Eater NY headed to the newest Manhattan restaurant from Major Food Group to find out

Say what you want about Major Food Group, comprising Rich Torrisi and Mario Carbone, along with their partner, Jeff Zalaznick, who’ve opened a conglomerate of restaurants across the globe — many of them named after themselves. Let’s face it: They’re long on appeal, or they wouldn’t be doing so well.

Maybe it’s because they make restaurantgoers feel like they belong, that they’re part of an exclusive New York set (if only for a night). It’s a thrill to score a reservation at Carbone. A lucky few can afford to dine at the Grill in the former Four Seasons, or can pay thousands of dollars for a members-only New York branch of ZZ’s Club.

Perhaps Major Food Group restaurants are well-liked because they’re quite good: Deep pockets and culinary training allow them to tend to details the way few restaurant groups can, procuring top-of-the-line ingredients and assembling a dining room that’s just so. That’s in line with what New York Times food critic Pete Wells says in his recent three-star review of Torrisi Bar & Restaurant, in which he also points out that it may well be “polarizing” for its size, the expense, and the noise, as well as the fact that on his visits, the front-of-house employees were primarily men.

Torrisi first opened in 2010 as a sandwich shop by day and a prix fixe restaurant at night before closing in 2015. In its comeback, now in the Puck Building, the menu has an Italian throughline, referencing the first restaurant from Torrisi and Carbone, but also has nods to Vietnamese, Chinese, Jewish, and Jamaican dishes.
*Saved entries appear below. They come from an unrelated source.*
theorem theorem1:
  fixes MG :: "'g measure" and MX :: "'x measure" and MZ :: "'z measure"
    and MT :: "'t measure" and MY :: "'y measure"
    and p :: "'g \<Rightarrow> 'x \<Rightarrow> 'z \<Rightarrow> 't \<Rightarrow> 't \<Rightarrow> 'y \<Rightarrow> 'y \<Rightarrow> real"
    and pX :: "'x \<Rightarrow> real" and pG :: "'x \<Rightarrow> 'g \<Rightarrow> real"
    and pT :: "'x \<Rightarrow> 't \<Rightarrow> real" and pTp :: "'x \<Rightarrow> 't \<Rightarrow> real"
    and pZ :: "'g \<Rightarrow> 'x \<Rightarrow> 'z \<Rightarrow> real"
    and pY :: "'z \<Rightarrow> 't \<Rightarrow> 'y \<Rightarrow> real" and pYp :: "'z \<Rightarrow> 't \<Rightarrow> 'y \<Rightarrow> real"
    and g :: 'g and x :: 'x and t :: 't and tp :: 't and y :: 'y and yp :: 'y
  assumes sf: "sigma_finite_measure MG" "sigma_finite_measure MX" "sigma_finite_measure MZ"
      "sigma_finite_measure MT" "sigma_finite_measure MY"
    \<comment> \<open>measurability of the factors\<close>
    and meas: "pX \<in> borel_measurable MX"
      "(\<lambda>(x, g). pG x g) \<in> borel_measurable (MX \<Otimes>\<^sub>M MG)"
      "(\<lambda>(x, t). pT x t) \<in> borel_measurable (MX \<Otimes>\<^sub>M MT)"
      "(\<lambda>(x, t). pTp x t) \<in> borel_measurable (MX \<Otimes>\<^sub>M MT)"
      "(\<lambda>(g, x, z). pZ g x z) \<in> borel_measurable (MG \<Otimes>\<^sub>M MX \<Otimes>\<^sub>M MZ)"
      "(\<lambda>(z, t, y). pY z t y) \<in> borel_measurable (MZ \<Otimes>\<^sub>M MT \<Otimes>\<^sub>M MY)"
      "(\<lambda>(z, t, y). pYp z t y) \<in> borel_measurable (MZ \<Otimes>\<^sub>M MT \<Otimes>\<^sub>M MY)"
    \<comment> \<open>the factors are (conditional) probability densities\<close>
    and norm: "(\<integral>\<^sup>+ x. ennreal (pX x) \<partial>MX) = 1"
      "\<And>x. x \<in> space MX \<Longrightarrow> (\<integral>\<^sup>+ g. ennreal (pG x g) \<partial>MG) = 1"
      "\<And>x. x \<in> space MX \<Longrightarrow> (\<integral>\<^sup>+ t. ennreal (pT x t) \<partial>MT) = 1"
      "\<And>x. x \<in> space MX \<Longrightarrow> (\<integral>\<^sup>+ t. ennreal (pTp x t) \<partial>MT) = 1"
      "\<And>g x. g \<in> space MG \<Longrightarrow> x \<in> space MX \<Longrightarrow> (\<integral>\<^sup>+ z. ennreal (pZ g x z) \<partial>MZ) = 1"
      "\<And>z t. z \<in> space MZ \<Longrightarrow> t \<in> space MT \<Longrightarrow> (\<integral>\<^sup>+ y. ennreal (pY z t y) \<partial>MY) = 1"
      "\<And>z t. z \<in> space MZ \<Longrightarrow> t \<in> space MT \<Longrightarrow> (\<integral>\<^sup>+ y. ennreal (pYp z t y) \<partial>MY) = 1"
    \<comment> \<open>positivity of the factors\<close>
    and pos: "\<And>x. x \<in> space MX \<Longrightarrow> 0 < pX x"
      "\<And>x g. x \<in> space MX \<Longrightarrow> g \<in> space MG \<Longrightarrow> 0 < pG x g"
      "\<And>x t. x \<in> space MX \<Longrightarrow> t \<in> space MT \<Longrightarrow> 0 < pT x t"
      "\<And>x t. x \<in> space MX \<Longrightarrow> t \<in> space MT \<Longrightarrow> 0 < pTp x t"
      "\<And>g x z. g \<in> space MG \<Longrightarrow> x \<in> space MX \<Longrightarrow> z \<in> space MZ \<Longrightarrow> 0 < pZ g x z"
      "\<And>z t y. z \<in> space MZ \<Longrightarrow> t \<in> space MT \<Longrightarrow> y \<in> space MY \<Longrightarrow> 0 < pY z t y"
      "\<And>z t y. z \<in> space MZ \<Longrightarrow> t \<in> space MT \<Longrightarrow> y \<in> space MY \<Longrightarrow> 0 < pYp z t y"
    \<comment> \<open>factorization of the joint density according to the Bayesian network\<close>
    and fact: "\<And>g x z t tp y yp. g \<in> space MG \<Longrightarrow> x \<in> space MX \<Longrightarrow> z \<in> space MZ \<Longrightarrow>
        t \<in> space MT \<Longrightarrow> tp \<in> space MT \<Longrightarrow> y \<in> space MY \<Longrightarrow> yp \<in> space MY \<Longrightarrow>
        p g x z t tp y yp = pX x * pG x g * pT x t * pTp x tp * pZ g x z * pY z t y * pYp z tp yp"
    \<comment> \<open>the point at which the objective is evaluated\<close>
    and pt: "g \<in> space MG" "x \<in> space MX" "t \<in> space MT" "tp \<in> space MT"
      "y \<in> space MY" "yp \<in> space MY"
    \<comment> \<open>the conditional densities appearing exist (marginals are finite)\<close>
    and fin: "m_YpYGXTTp MZ p g x t tp y yp < \<infinity>" "m_YGXTTp MZ MY p g x t tp y < \<infinity>"
      "m_YGXT MZ MT MY p g x t y < \<infinity>" "m_GXT MZ MT MY p g x t < \<infinity>"
      "m_YpGXTp MZ MT MY p g x tp yp < \<infinity>" "m_GXTp MZ MT MY p g x tp < \<infinity>"
      "\<And>z. z \<in> space MZ \<Longrightarrow> m_ZYGXT MT MY p g x t y z < \<infinity>"
      "\<And>z. z \<in> space MZ \<Longrightarrow> m_ZYpGXTp MT MY p g x tp yp z < \<infinity>"
      "\<And>z. z \<in> space MZ \<Longrightarrow> m_ZTY MG MX MT MY p z t y < \<infinity>"
      "\<And>z. z \<in> space MZ \<Longrightarrow> m_ZT MG MX MT MY p z t < \<infinity>"
    \<comment> \<open>the expectation and the KL divergence on the right-hand side are finite\<close>
    and int: "integrable (density MZ (\<lambda>z. ennreal (c_Z_given_YGXT MZ MT MY p g x t y z)))
                (\<lambda>z. ln (c_Y_given_ZT MG MX MT MY p z t y))"
      "integrable (density MZ (\<lambda>z. ennreal (c_Z_given_YGXT MZ MT MY p g x t y z)))
                (\<lambda>z. ln (c_Z_given_YGXT MZ MT MY p g x t y z / c_Z_given_YpGXTp MZ MT MY p g x tp yp z))"
  shows "ln (c_Yp_given_YGXTTp MZ MY p g x t tp y yp) + ln (c_Y_given_GXT MZ MT MY p g x t y)
     \<ge> (\<integral>z. ln (c_Y_given_ZT MG MX MT MY p z t y)
            \<partial>density MZ (\<lambda>z. ennreal (c_Z_given_YGXT MZ MT MY p g x t y z)))
       + ln (c_Yp_given_GXTp MZ MT MY p g x tp yp)
       - KL_divergence (exp 1)
           (density MZ (\<lambda>z. ennreal (c_Z_given_YpGXTp MZ MT MY p g x tp yp z)))
           (density MZ (\<lambda>z. ennreal (c_Z_given_YGXT MZ MT MY p g x t y z)))"
proof -
  interpret counterfactual_bayes_net MG MX MZ MT MY p pX pG pT pTp pZ pY pYp
    by (rule counterfactual_bayes_net.intro[OF sf(2,3) counterfactual_bayes_net_axioms.intro])
      (fact meas norm pos fact)+
  define Q where "Q = density MZ (\<lambda>z. ennreal (posterior MZ (pZ g x) (\<lambda>z. pY z t y) z))"
  have likelihood: "\<And>z. z \<in> space Q \<Longrightarrow> ln (c_Y_given_ZT MG MX MT MY p z t y) = ln (pY z t y)"
    using pt fin(10) by (simp add: Q_def c_Y_given_ZT_eq)
  have ratio: "\<And>z. z \<in> space Q \<Longrightarrow>
      ln (c_Z_given_YGXT MZ MT MY p g x t y z / c_Z_given_YpGXTp MZ MT MY p g x tp yp z) =
      ln (posterior MZ (pZ g x) (\<lambda>z. pY z t y) z / posterior MZ (pZ g x) (\<lambda>z. pYp z tp yp) z)"
    using pt by (simp add: Q_def c_Z_given_YGXT_eq c_Z_given_YpGXTp_eq)
  have "integrable Q (\<lambda>z. ln (pY z t y))"
    "integrable Q (\<lambda>z. ln (posterior MZ (pZ g x) (\<lambda>z. pY z t y) z /
      posterior MZ (pZ g x) (\<lambda>z. pYp z tp yp) z))"
    using int pt by (simp_all add: density_c_Z_given_YGXT Q_def[symmetric] likelihood ratio
        cong: Bochner_Integration.integrable_cong)
  from counterfactual_elbo[OF pt fin(1,3,5) this[unfolded Q_def]] show ?thesis
    using pt by (simp add: density_c_Z_given_YGXT density_c_Z_given_YpGXTp Q_def[symmetric]
      c_Yp_given_YGXTTp_eq c_Y_given_GXT_eq c_Yp_given_GXTp_eq likelihood
      cong: Bochner_Integration.integral_cong)
qed

end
The staff at Eater New York decided to dine at Torrisi and try it for ourselves.

The space

The end of the bar leading into the dining area at Torrisi.
People sitting at bar stools facing away from the viewer.
The bar at Torrisi Bar and Restaurant.

Luke Fortney: When I first walked in, I saw meats hanging in a glass case, four hosts at the stand, and a man in a puffer jacket and Sperrys, and I wondered if I had overdressed.

Emma Orlow: There was the woman in a gold sequin coat.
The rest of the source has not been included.